### ABOUT THIS TASK
Return all the data, word for word.

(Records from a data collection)
(* Let $N=(a_1,\dots,a_s)\in\mathbb{N}_0^s$ be an $s$-tuple of non-negative integers, and for an integer $b\ge 0$ let $N+b=(a_1,\dots,a_s,b)$. For every tuple $M$ write $n_j(M)=\#\{a\in M\mid a\le j\}$ (counted with multiplicity) and $p(M)=\max\{j\mid \sum_{a\in M,\,a\le j}(j+1-a)\le j\}$, assumed to exist. Then: (a) $p(N+b)\le p(N)$ for every integer $b\ge 0$; (b) if $p=p(N)\ge 2$, $n_{p-1}(N)=0$ and $n_p(N)\le 1$, then $p(N+b)=p$ for every integer $b\ge 2$.
   Context: Sums over empty index sets are zero; entries of tuples are counted with multiplicity. *)

theory Defs
  imports Main
begin

(* A tuple N = (a_1,...,a_s) of non-negative integers is a list of naturals;
   N + b is N @ [b]. Entries are counted with multiplicity. *)

definition n_le :: "nat list \<Rightarrow> nat \<Rightarrow> nat" where
  "n_le M j = length (filter (\<lambda>a. a \<le> j) M)"

definition defect :: "nat list \<Rightarrow> nat \<Rightarrow> nat" where
  "defect M j = sum_list (map (\<lambda>a. j + 1 - a) (filter (\<lambda>a. a \<le> j) M))"

definition Pset :: "nat list \<Rightarrow> nat set" where
  "Pset M = {j. defect M j \<le> j}"

(* p(M) exists: the set is nonempty and bounded above *)
definition p_exists :: "nat list \<Rightarrow> bool" where
  "p_exists M \<longleftrightarrow> Pset M \<noteq> {} \<and> finite (Pset M)"

definition pM :: "nat list \<Rightarrow> nat" where
  "pM M = Max (Pset M)"

end

theory Submission
  imports Defs
begin

text \<open>Appending an entry b can only increase every defect, so the admissible set shrinks and
  its maximum can only drop. If no entry of N is below p and at most one equals p, the defect of
  N at p is at most 1, and an extra entry b \<ge> 2 adds at most p - 1; so p stays admissible.\<close>

lemma defect_append_singleton:
  "defect (M @ [b]) j = defect M j + (if b \<le> j then j + 1 - b else 0)"
  by (simp add: defect_def)

lemma Pset_append_singleton_subset: "Pset (M @ [b]) \<subseteq> Pset M"
  by (auto simp: Pset_def defect_append_singleton)

lemma pM_append_singleton_le:
  assumes "p_exists M" and "p_exists (M @ [b])"
  shows "pM (M @ [b]) \<le> pM M"
  using assms Pset_append_singleton_subset[of M b]
  unfolding p_exists_def pM_def by (meson Max_mono)

lemma pM_append_singleton_eq:
  assumes "p_exists M" and "pM M \<in> Pset (M @ [b])"
  shows "p_exists (M @ [b])" and "pM (M @ [b]) = pM M"
proof -
  have "finite (Pset (M @ [b]))"
    using assms(1) Pset_append_singleton_subset finite_subset unfolding p_exists_def by blast
  with assms(2) show ex: "p_exists (M @ [b])"
    unfolding p_exists_def by blast
  have "pM M \<le> pM (M @ [b])"
    using assms(2) \<open>finite (Pset (M @ [b]))\<close> unfolding pM_def by simp
  with pM_append_singleton_le[OF assms(1) ex] show "pM (M @ [b]) = pM M"
    by simp
qed

lemma defect_le_n_le:
  assumes "n_le M (j - 1) = 0"
  shows "defect M j \<le> n_le M j"
proof -
  have "\<forall>a\<in>set M. j - 1 < a"
    using assms by (auto simp: n_le_def filter_empty_conv)
  then have "(\<Sum>a\<leftarrow>filter (\<lambda>a. a \<le> j) M. j + 1 - a) \<le> (\<Sum>a\<leftarrow>filter (\<lambda>a. a \<le> j) M. 1)"
    by (intro sum_list_mono) auto
  then show ?thesis
    by (simp add: defect_def n_le_def sum_list_triv)
qed

lemma mem_Pset_append_singleton:
  assumes "n_le M (j - 1) = 0" and "n_le M j \<le> 1" and "1 \<le> j" and "2 \<le> b"
  shows "j \<in> Pset (M @ [b])"
proof -
  have "defect M j \<le> 1"
    using defect_le_n_le[OF assms(1)] assms(2) by simp
  with assms(3,4) show ?thesis
    by (auto simp: Pset_def defect_append_singleton)
qed

theorem lemma4p7:
  fixes N :: "nat list"
  shows "(\<forall>b::nat. p_exists N \<and> p_exists (N @ [b]) \<longrightarrow> pM (N @ [b]) \<le> pM N)
       \<and> (p_exists N \<and> pM N \<ge> 2 \<and> n_le N (pM N - 1) = 0 \<and> n_le N (pM N) \<le> 1
          \<longrightarrow> (\<forall>b::nat. b \<ge> 2 \<longrightarrow> p_exists (N @ [b]) \<and> pM (N @ [b]) = pM N))"
proof (intro conjI allI impI)
  fix b
  assume "p_exists N \<and> p_exists (N @ [b])"
  then show "pM (N @ [b]) \<le> pM N"
    using pM_append_singleton_le by blast
next
  fix b :: nat
  assume hyps: "p_exists N \<and> pM N \<ge> 2 \<and> n_le N (pM N - 1) = 0 \<and> n_le N (pM N) \<le> 1"
    and "b \<ge> 2"
  then have "pM N \<in> Pset (N @ [b])"
    using mem_Pset_append_singleton[of N "pM N" b] by auto
  with hyps show "p_exists (N @ [b])" and "pM (N @ [b]) = pM N"
    using pM_append_singleton_eq by blast+
qed

end
lemma measure_Px_finite_lipschitz:
  assumes "finite F" "F \<subseteq> Omega"
  shows "\<bar>measure (Px lam x) F - measure (Px lam y) F\<bar> \<le> 4 * pi / (1 - lam) * \<bar>x - y\<bar>"
proof -
  let ?G = "\<lambda>n. \<Union>\<omega>\<in>F. cyl n \<omega>" and ?S = "\<lambda>n. (\<lambda>\<omega>. map \<omega> [0..<n]) ` F"
  have limit: "(\<lambda>n. measure (Px lam z) (?G n)) \<longlonglongrightarrow> measure (Px lam z) F" for z
  proof -
    interpret prob_space "Px lam z" by (rule prob_space_Px)
    have G_sets: "range ?G \<subseteq> sets (Px lam z)"
      using assms by (auto intro!: cyl_in_sets_Px)
    have "decseq ?G"
      by (intro decseq_SucI UN_mono order_refl cyl_Suc_subset)
    then show ?thesis
      using finite_Lim_measure_decseq[OF G_sets] by (simp add: INT_UN_cyl_eq[OF assms])
  qed
  have "\<bar>measure (Px lam x) (?G n) - measure (Px lam y) (?G n)\<bar> \<le> 4 * pi / (1 - lam) * \<bar>x - y\<bar>" for n
  proof -
    have "\<bar>measure (Px lam x) (?G n) - measure (Px lam y) (?G n)\<bar>
        = \<bar>\<Sum>w\<in>?S n. word_weight lam x w - word_weight lam y w\<bar>"
      using assms by (simp add: measure_Px_UN_cyl sum_subtractf)
    also have "\<dots> \<le> (\<Sum>w\<in>?S n. \<bar>word_weight lam x w - word_weight lam y w\<bar>)"
      by (rule sum_abs)
    also have "\<dots> \<le> (\<Sum>w\<in>words n. \<bar>word_weight lam x w - word_weight lam y w\<bar>)"
      using assms(2) prefix_in_words by (intro sum_mono2 finite_words) auto
    also have "\<dots> \<le> 4 * pi / (1 - lam) * \<bar>x - y\<bar>"
      by (rule sum_word_weight_lipschitz)
    finally show ?thesis .
  qed
  then show ?thesis
    by (rule abs_diff_le_of_tendsto[OF limit limit])
qed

### EXERCISE OUTPUT
(* Let $N=(a_1,\dots,a_s)\in\mathbb{N}_0^s$ be an $s$-tuple of non-negative integers, and for an integer $b\ge 0$ let $N+b=(a_1,\dots,a_s,b)$. For every tuple $M$ write $n_j(M)=\#\{a\in M\mid a\le j\}$ (counted with multiplicity) and $p(M)=\max\{j\mid \sum_{a\in M,\,a\le j}(j+1-a)\le j\}$, assumed to exist. Then: (a) $p(N+b)\le p(N)$ for every integer $b\ge 0$; (b) if $p=p(N)\ge 2$, $n_{p-1}(N)=0$ and $n_p(N)\le 1$, then $p(N+b)=p$ for every integer $b\ge 2$.
   Context: Sums over empty index sets are zero; entries of tuples are counted with multiplicity. *)

theory Defs
  imports Main
begin

(* A tuple N = (a_1,...,a_s) of non-negative integers is a list of naturals;
   N + b is N @ [b]. Entries are counted with multiplicity. *)

definition n_le :: "nat list \<Rightarrow> nat \<Rightarrow> nat" where
  "n_le M j = length (filter (\<lambda>a. a \<le> j) M)"

definition defect :: "nat list \<Rightarrow> nat \<Rightarrow> nat" where
  "defect M j = sum_list (map (\<lambda>a. j + 1 - a) (filter (\<lambda>a. a \<le> j) M))"

definition Pset :: "nat list \<Rightarrow> nat set" where
  "Pset M = {j. defect M j \<le> j}"

(* p(M) exists: the set is nonempty and bounded above *)
definition p_exists :: "nat list \<Rightarrow> bool" where
  "p_exists M \<longleftrightarrow> Pset M \<noteq> {} \<and> finite (Pset M)"

definition pM :: "nat list \<Rightarrow> nat" where
  "pM M = Max (Pset M)"

end

theory Submission
  imports Defs
begin

text \<open>Appending an entry b can only increase every defect, so the admissible set shrinks and
  its maximum can only drop. If no entry of N is below p and at most one equals p, the defect of
  N at p is at most 1, and an extra entry b \<ge> 2 adds at most p - 1; so p stays admissible.\<close>

lemma defect_append_singleton:
  "defect (M @ [b]) j = defect M j + (if b \<le> j then j + 1 - b else 0)"
  by (simp add: defect_def)

lemma Pset_append_singleton_subset: "Pset (M @ [b]) \<subseteq> Pset M"
  by (auto simp: Pset_def defect_append_singleton)

lemma pM_append_singleton_le:
  assumes "p_exists M" and "p_exists (M @ [b])"
  shows "pM (M @ [b]) \<le> pM M"
  using assms Pset_append_singleton_subset[of M b]
  unfolding p_exists_def pM_def by (meson Max_mono)

lemma pM_append_singleton_eq:
  assumes "p_exists M" and "pM M \<in> Pset (M @ [b])"
  shows "p_exists (M @ [b])" and "pM (M @ [b]) = pM M"
proof -
  have "finite (Pset (M @ [b]))"
    using assms(1) Pset_append_singleton_subset finite_subset unfolding p_exists_def by blast
  with assms(2) show ex: "p_exists (M @ [b])"
    unfolding p_exists_def by blast
  have "pM M \<le> pM (M @ [b])"
    using assms(2) \<open>finite (Pset (M @ [b]))\<close> unfolding pM_def by simp
  with pM_append_singleton_le[OF assms(1) ex] show "pM (M @ [b]) = pM M"
    by simp
qed

lemma defect_le_n_le:
  assumes "n_le M (j - 1) = 0"
  shows "defect M j \<le> n_le M j"
proof -
  have "\<forall>a\<in>set M. j - 1 < a"
    using assms by (auto simp: n_le_def filter_empty_conv)
  then have "(\<Sum>a\<leftarrow>filter (\<lambda>a. a \<le> j) M. j + 1 - a) \<le> (\<Sum>a\<leftarrow>filter (\<lambda>a. a \<le> j) M. 1)"
    by (intro sum_list_mono) auto
  then show ?thesis
    by (simp add: defect_def n_le_def sum_list_triv)
qed

lemma mem_Pset_append_singleton:
  assumes "n_le M (j - 1) = 0" and "n_le M j \<le> 1" and "1 \<le> j" and "2 \<le> b"
  shows "j \<in> Pset (M @ [b])"
proof -
  have "defect M j \<le> 1"
    using defect_le_n_le[OF assms(1)] assms(2) by simp
  with assms(3,4) show ?thesis
    by (auto simp: Pset_def defect_append_singleton)
qed

theorem lemma4p7:
  fixes N :: "nat list"
  shows "(\<forall>b::nat. p_exists N \<and> p_exists (N @ [b]) \<longrightarrow> pM (N @ [b]) \<le> pM N)
       \<and> (p_exists N \<and> pM N \<ge> 2 \<and> n_le N (pM N - 1) = 0 \<and> n_le N (pM N) \<le> 1
          \<longrightarrow> (\<forall>b::nat. b \<ge> 2 \<longrightarrow> p_exists (N @ [b]) \<and> pM (N @ [b]) = pM N))"
proof (intro conjI allI impI)
  fix b
  assume "p_exists N \<and> p_exists (N @ [b])"
  then show "pM (N @ [b]) \<le> pM N"
    using pM_append_singleton_le by blast
next
  fix b :: nat
  assume hyps: "p_exists N \<and> pM N \<ge> 2 \<and> n_le N (pM N - 1) = 0 \<and> n_le N (pM N) \<le> 1"
    and "b \<ge> 2"
  then have "pM N \<in> Pset (N @ [b])"
    using mem_Pset_append_singleton[of N "pM N" b] by auto
  with hyps show "p_exists (N @ [b])" and "pM (N @ [b]) = pM N"
    using pM_append_singleton_eq by blast+
qed

end
lemma measure_Px_finite_lipschitz:
  assumes "finite F" "F \<subseteq> Omega"
  shows "\<bar>measure (Px lam x) F - measure (Px lam y) F\<bar> \<le> 4 * pi / (1 - lam) * \<bar>x - y\<bar>"
proof -
  let ?G = "\<lambda>n. \<Union>\<omega>\<in>F. cyl n \<omega>" and ?S = "\<lambda>n. (\<lambda>\<omega>. map \<omega> [0..<n]) ` F"
  have limit: "(\<lambda>n. measure (Px lam z) (?G n)) \<longlonglongrightarrow> measure (Px lam z) F" for z
  proof -
    interpret prob_space "Px lam z" by (rule prob_space_Px)
    have G_sets: "range ?G \<subseteq> sets (Px lam z)"
      using assms by (auto intro!: cyl_in_sets_Px)
    have "decseq ?G"
      by (intro decseq_SucI UN_mono order_refl cyl_Suc_subset)
    then show ?thesis
      using finite_Lim_measure_decseq[OF G_sets] by (simp add: INT_UN_cyl_eq[OF assms])
  qed
  have "\<bar>measure (Px lam x) (?G n) - measure (Px lam y) (?G n)\<bar> \<le> 4 * pi / (1 - lam) * \<bar>x - y\<bar>" for n
  proof -
    have "\<bar>measure (Px lam x) (?G n) - measure (Px lam y) (?G n)\<bar>
        = \<bar>\<Sum>w\<in>?S n. word_weight lam x w - word_weight lam y w\<bar>"
      using assms by (simp add: measure_Px_UN_cyl sum_subtractf)
    also have "\<dots> \<le> (\<Sum>w\<in>?S n. \<bar>word_weight lam x w - word_weight lam y w\<bar>)"
      by (rule sum_abs)
    also have "\<dots> \<le> (\<Sum>w\<in>words n. \<bar>word_weight lam x w - word_weight lam y w\<bar>)"
      using assms(2) prefix_in_words by (intro sum_mono2 finite_words) auto
    also have "\<dots> \<le> 4 * pi / (1 - lam) * \<bar>x - y\<bar>"
      by (rule sum_word_weight_lipschitz)
    finally show ?thesis .
  qed
  then show ?thesis
    by (rule abs_diff_le_of_tendsto[OF limit limit])
qed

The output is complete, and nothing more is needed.